(Saved entries)
----------

lemma twin_ext_mem_frakE:
  assumes "n mod 4 = 3" "n > 3" and F: "F \<in> frakE n Mr (Suc l)"
    and "dim_row Mr \<le> Suc l" and "det (tilde F) > 0"
  shows "twin_ext F \<in> frakE n Mr (Suc (Suc l))"
proof -
  from F have Fc: "F \<in> carrier_mat (Suc l) (Suc l)"
    and sym: "\<forall>i<Suc l. \<forall>j<Suc l. F $$ (i,j) = F $$ (j,i)"
    and diag: "\<forall>i<Suc l. F $$ (i,i) = n"
    and cong: "\<forall>i<Suc l. \<forall>j<Suc l. F $$ (i,j) mod 4 = n mod 4"
    and lead: "\<forall>i<dim_row Mr. \<forall>j<dim_row Mr. F $$ (i,j) = Mr $$ (i,j)"
    unfolding mem_frakE_iff mem_frakC_iff by auto
  have T_pd: "pos_def_form (Suc (Suc l)) (map_mat real_of_int (twin_ext F))"
    using F \<open>n > 3\<close> \<open>det (tilde F) > 0\<close> unfolding mem_frakE_iff
    by (blast intro: pos_def_form_twin_ext_of_det_tilde_pos)
  have T_sym: "twin_ext F $$ (i,j) = twin_ext F $$ (j,i)"
    and T_diag: "twin_ext F $$ (i,i) = n" and T_cong: "twin_ext F $$ (i,j) mod 4 = n mod 4"
    if "i < Suc (Suc l)" "j < Suc (Suc l)" for i j
    using that sym[rule_format, of "min i l" "min j l"] diag[rule_format, of "min i l"]
      cong[rule_format, of "min i l" "min j l"] \<open>n mod 4 = 3\<close>
    by (auto simp: twin_ext_index[OF Fc])
  have T_lead: "twin_ext F $$ (i,j) = Mr $$ (i,j)" if "i < dim_row Mr" "j < dim_row Mr" for i j
    using that lead[rule_format, of i j] \<open>dim_row Mr \<le> Suc l\<close>
    by (simp add: twin_ext_index[OF Fc])
  show ?thesis
    unfolding mem_frakE_iff mem_frakC_iff
    by (intro conjI allI impI; rule twin_ext_carrier[OF Fc] T_pd T_sym T_diag T_cong T_lead; simp)
qed

lemma frakE_eq_singleton:
  assumes Mr: "Mr \<in> frakC n r"
  shows "frakE n Mr r = {Mr}"
proof -
  have "E = Mr" if "E \<in> frakE n Mr r" for E
    using that Mr unfolding mem_frakE_iff mem_frakC_iff by (intro eq_matI) (auto simp: carrier_matD)
  moreover have "Mr \<in> frakE n Mr r" using Mr unfolding mem_frakE_iff by simp
  ultimately show ?thesis by blast
qed

lemma det_tilde_pos_of_max_det_succ:
  assumes "n mod 4 = 3" "n > 3" "dim_row Mr \<le> Suc l"
    and F: "F \<in> frakE n Mr (Suc l)" "det F = Max (det ` frakE n Mr (Suc l))" "det (tilde F) > 0"
    and E: "E \<in> frakE n Mr (Suc (Suc l))" "det E = Max (det ` frakE n Mr (Suc (Suc l)))"
  shows "det (tilde E) > 0"
proof -
  have fin: "finite (det ` frakE n Mr k)" for k using finite_frakE by simp
  from F have Fc: "F \<in> carrier_mat (Suc l) (Suc l)" and "F $$ (l,l) = n"
    unfolding mem_frakE_iff mem_frakC_iff by auto
  let ?T = "twin_ext F" and ?E' = "mat_delete E (Suc l) (Suc l)"
  have T: "?T \<in> frakE n Mr (Suc (Suc l))" by (rule twin_ext_mem_frakE) (use assms in auto)
  have "det (tilde ?T) = (n - 3) * det (tilde F)"
    unfolding tilde_eq_set_last_diag det_set_last_diag_twin_ext[OF Fc] \<open>F $$ (l,l) = n\<close> ..
  moreover have "det (tilde ?T) = det ?T - (n - 3) * det F"
    using det_tilde_eq[of ?T n "Suc l"] T mat_delete_twin_ext[OF Fc] unfolding mem_frakE_iff by simp
  moreover have "det (tilde E) = det E - (n - 3) * det ?E'"
    using det_tilde_eq E unfolding mem_frakE_iff by blast
  moreover have "det ?T \<le> det E" using E T fin by simp
  moreover have "det ?E' \<le> det F"
    using F mat_delete_mem_frakE[OF E(1)] \<open>dim_row Mr \<le> Suc l\<close> fin by simp
  then have "(n - 3) * det ?E' \<le> (n - 3) * det F" using \<open>n > 3\<close> by (intro mult_left_mono) auto
  moreover have "(n - 3) * det (tilde F) > 0" using \<open>n > 3\<close> \<open>det (tilde F) > 0\<close> by simp
  ultimately show ?thesis by linarith
qed

lemma frakE_max_det_tilde_pos:
  assumes "n mod 4 = 3" "n > 3" "1 \<le> r" "Mr \<in> frakC n r" "det (tilde Mr) > 0" "r \<le> k"
  shows "frakE n Mr k \<noteq> {} \<and>
    (\<forall>E \<in> frakE n Mr k. det E = Max (det ` frakE n Mr k) \<longrightarrow> det (tilde E) > 0)"
  using \<open>r \<le> k\<close>
proof (induction k rule: dec_induct)
  case base
  then show ?case using assms frakE_eq_singleton by simp
next
  case (step k)
  obtain l where k: "k = Suc l" using step.hyps \<open>1 \<le> r\<close> by (cases k) auto
  have dim: "dim_row Mr \<le> Suc l" using assms(4) step.hyps k unfolding mem_frakC_iff by auto
  have "Max (det ` frakE n Mr k) \<in> det ` frakE n Mr k"
    using Max_in finite_frakE step.IH by simp
  then obtain F where F: "F \<in> frakE n Mr (Suc l)" "det F = Max (det ` frakE n Mr (Suc l))"
    unfolding k by auto
  moreover from F have "det (tilde F) > 0" using step.IH unfolding k by blast
  ultimately have "twin_ext F \<in> frakE n Mr (Suc (Suc l))"
    using twin_ext_mem_frakE[OF assms(1,2) F(1) dim] by blast
  moreover have "det (tilde E) > 0"
    if "E \<in> frakE n Mr (Suc (Suc l))" "det E = Max (det ` frakE n Mr (Suc (Suc l)))" for E
    using det_tilde_pos_of_max_det_succ[OF assms(1,2) dim F \<open>det (tilde F) > 0\<close> that] .
  ultimately show ?case unfolding k by blast
qed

----------

• What the task asks: Determine how many lines in the records include the word "obtain", and reply with that number alone.

• Result of this exercise: 2